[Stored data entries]
----

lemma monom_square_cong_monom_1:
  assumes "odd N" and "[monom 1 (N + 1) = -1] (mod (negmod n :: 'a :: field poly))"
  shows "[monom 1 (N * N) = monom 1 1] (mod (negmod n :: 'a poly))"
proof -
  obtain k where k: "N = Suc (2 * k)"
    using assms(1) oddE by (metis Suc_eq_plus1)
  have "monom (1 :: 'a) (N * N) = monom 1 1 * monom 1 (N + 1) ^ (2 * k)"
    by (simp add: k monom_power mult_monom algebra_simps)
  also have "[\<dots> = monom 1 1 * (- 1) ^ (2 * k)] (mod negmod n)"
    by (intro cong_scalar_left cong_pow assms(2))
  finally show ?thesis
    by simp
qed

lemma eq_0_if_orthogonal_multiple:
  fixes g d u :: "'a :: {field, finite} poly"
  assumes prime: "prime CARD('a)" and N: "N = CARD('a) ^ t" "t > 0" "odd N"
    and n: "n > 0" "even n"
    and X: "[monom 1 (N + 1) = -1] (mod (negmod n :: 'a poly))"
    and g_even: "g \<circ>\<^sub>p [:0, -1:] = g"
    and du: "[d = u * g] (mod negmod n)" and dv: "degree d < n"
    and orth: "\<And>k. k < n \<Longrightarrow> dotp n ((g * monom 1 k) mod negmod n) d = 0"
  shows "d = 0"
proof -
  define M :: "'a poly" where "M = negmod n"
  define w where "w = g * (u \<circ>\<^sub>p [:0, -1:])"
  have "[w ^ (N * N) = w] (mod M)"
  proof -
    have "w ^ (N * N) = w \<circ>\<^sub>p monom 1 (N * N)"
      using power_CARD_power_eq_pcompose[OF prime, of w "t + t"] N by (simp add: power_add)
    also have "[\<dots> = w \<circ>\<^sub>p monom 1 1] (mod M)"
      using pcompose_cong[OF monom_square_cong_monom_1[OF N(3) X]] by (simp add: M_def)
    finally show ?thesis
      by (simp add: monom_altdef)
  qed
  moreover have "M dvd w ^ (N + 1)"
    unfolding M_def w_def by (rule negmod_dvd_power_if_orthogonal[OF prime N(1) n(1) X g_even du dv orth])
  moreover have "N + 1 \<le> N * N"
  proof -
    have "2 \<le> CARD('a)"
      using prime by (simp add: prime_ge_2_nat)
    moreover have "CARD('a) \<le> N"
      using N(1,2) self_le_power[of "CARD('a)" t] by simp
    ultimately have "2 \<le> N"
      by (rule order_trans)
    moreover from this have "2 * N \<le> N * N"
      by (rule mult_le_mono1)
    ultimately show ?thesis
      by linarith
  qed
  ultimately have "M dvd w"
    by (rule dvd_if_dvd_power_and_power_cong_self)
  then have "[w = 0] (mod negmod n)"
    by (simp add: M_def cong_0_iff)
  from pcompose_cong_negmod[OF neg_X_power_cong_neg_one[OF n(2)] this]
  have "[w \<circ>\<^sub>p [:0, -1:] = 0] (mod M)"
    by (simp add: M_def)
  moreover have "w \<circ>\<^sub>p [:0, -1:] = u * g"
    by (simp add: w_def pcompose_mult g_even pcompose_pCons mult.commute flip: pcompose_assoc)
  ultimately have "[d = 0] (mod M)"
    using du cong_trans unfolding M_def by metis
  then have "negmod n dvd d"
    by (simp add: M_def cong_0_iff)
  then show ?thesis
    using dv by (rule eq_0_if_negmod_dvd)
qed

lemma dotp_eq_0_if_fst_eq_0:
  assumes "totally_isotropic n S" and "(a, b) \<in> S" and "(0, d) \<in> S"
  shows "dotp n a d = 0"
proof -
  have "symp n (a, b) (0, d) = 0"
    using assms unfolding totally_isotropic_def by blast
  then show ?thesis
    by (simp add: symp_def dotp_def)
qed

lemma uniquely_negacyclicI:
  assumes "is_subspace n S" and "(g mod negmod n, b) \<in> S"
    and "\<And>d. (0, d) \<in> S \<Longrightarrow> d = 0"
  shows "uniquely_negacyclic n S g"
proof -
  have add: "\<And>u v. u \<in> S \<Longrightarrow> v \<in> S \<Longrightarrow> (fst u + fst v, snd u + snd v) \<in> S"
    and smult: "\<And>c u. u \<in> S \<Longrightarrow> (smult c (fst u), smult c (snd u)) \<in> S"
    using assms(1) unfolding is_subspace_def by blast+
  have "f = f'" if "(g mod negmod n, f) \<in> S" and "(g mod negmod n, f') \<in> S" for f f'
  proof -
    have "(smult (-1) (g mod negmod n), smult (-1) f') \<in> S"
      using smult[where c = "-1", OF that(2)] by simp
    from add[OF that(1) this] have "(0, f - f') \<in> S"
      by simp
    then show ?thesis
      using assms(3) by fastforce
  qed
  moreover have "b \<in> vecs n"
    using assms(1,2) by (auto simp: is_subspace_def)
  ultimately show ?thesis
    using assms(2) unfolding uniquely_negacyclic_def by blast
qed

----

## Work to complete
Since only lines holding the word "where" matter, count them in the data above and report the number alone.

## Task result
4